:: EXERCISE ::
Among the records, which lines include "where"? List them.

:: DATA SUPPLIED ::
lemma Blank_notin_counter [simp]: "Blank \<notin> set (counter r k f p)"
  by (auto simp: counter_def)

lemma counter_flip: "f < r \<Longrightarrow> (counter r k f p)[f := Ctr (\<not> p) (row_mark k f)] = counter r k (Suc f) p"
  by (rule nth_equalityI) (auto simp: nth_list_update)

lemma counter_flipped: "counter r k r p = counter r k 0 (\<not> p)"
  by (simp add: counter_def)

lemma counter_extend: "Ctr True Todo # counter r 0 r False = counter (Suc r) 0 0 True"
  by (rule nth_equalityI) (auto simp: nth_Cons' row_mark_def)

lemma counter_start_row: "0 < r \<Longrightarrow> (counter r 0 0 p)[0 := Ctr p Cur] = counter r 1 0 p"
  by (rule nth_equalityI) (auto simp: nth_list_update row_mark_def)

lemma counter_next_row:
  "Suc u < r \<Longrightarrow> (counter r (Suc u) 0 p)[u := Ctr p Done, Suc u := Ctr p Cur] = counter r (Suc (Suc u)) 0 p"
  by (rule nth_equalityI) (auto simp: nth_list_update row_mark_def)

context
  fixes x :: "bool list"
begin

definition inputs :: "nat \<Rightarrow> bool \<Rightarrow> symbol list" where
  "inputs m flag = map (\<lambda>i. Inp (x ! i) (if i < m then flag else \<not> flag)) [0..<length x]"

lemma length_inputs [simp]: "length (inputs m flag) = length x"
  by (simp add: inputs_def)

lemma nth_inputs [simp]: "i < length x \<Longrightarrow> inputs m flag ! i = Inp (x ! i) (if i < m then flag else \<not> flag)"
  by (simp add: inputs_def)

lemma Blank_notin_inputs [simp]: "Blank \<notin> set (inputs m flag)"
  by (auto simp: inputs_def)

lemma inputs_mark: "m < length x \<Longrightarrow> (inputs m flag)[m := Inp (x ! m) flag] = inputs (Suc m) flag"
  by (rule nth_equalityI) (auto simp: nth_list_update)

lemma inputs_all: "inputs (length x) True = inputs 0 False"
  by (simp add: inputs_def)

lemma relocated_eq_inputs: "relocated x [] = inputs 0 True"
  by (rule nth_equalityI) (simp_all add: relocated_def)

definition count_tape :: "nat \<Rightarrow> nat \<Rightarrow> bool \<Rightarrow> nat \<Rightarrow> symbol list" where
  "count_tape r f p m = counter r 0 f p @ inputs m True"

lemma count_trip:
  assumes "f < r" "m < length x"
  shows "blowup.reaches (2 * r + 2 * m + 3) (blowup.conf (Run (Count p)) lo (count_tape r f p m) 0)
    (blowup.conf (Run (Count p)) lo (count_tape r (Suc f) p (Suc m)) 0)"
proof -
  have "blowup.reaches f (blowup.conf (Run (Count p)) lo (count_tape r f p m) 0)
      (blowup.conf (Run (Count p)) lo (count_tape r f p m) f)"
    by (rule blowup.scan_right_conf) (use assms in \<open>auto simp: count_tape_def nth_append\<close>)
  also have "blowup.reaches 1 \<dots> (blowup.conf (Find p) lo (count_tape r (Suc f) p m) (Suc f))"
    by (rule blowup.step_right) (use assms in \<open>simp_all add: count_tape_def nth_append list_update_append counter_flip\<close>)
  also have "blowup.reaches (r + m - Suc f) \<dots> (blowup.conf (Find p) lo (count_tape r (Suc f) p m) (r + m))"
    by (rule blowup.scan_right_conf) (use assms in \<open>auto simp: count_tape_def nth_append\<close>)
  also have "blowup.reaches 1 \<dots> (blowup.conf (Home (Count p)) lo (count_tape r (Suc f) p (Suc m)) (r + m))"
    by (rule blowup.step_stay) (use assms in \<open>simp_all add: count_tape_def nth_append list_update_append inputs_mark\<close>)
  also have "blowup.reaches (r + m + 2) \<dots> (blowup.conf (Run (Count p)) lo (count_tape r (Suc f) p (Suc m)) 0)"
    by (rule go_home) (use assms in \<open>simp_all add: count_tape_def\<close>)
  finally show ?thesis
    by (rule blowup.reaches_cong) (use assms in simp_all)
qed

:: EXERCISE RESPONSE ::
definition inputs :: "nat \<Rightarrow> bool \<Rightarrow> symbol list" where
definition count_tape :: "nat \<Rightarrow> nat \<Rightarrow> bool \<Rightarrow> nat \<Rightarrow> symbol list" where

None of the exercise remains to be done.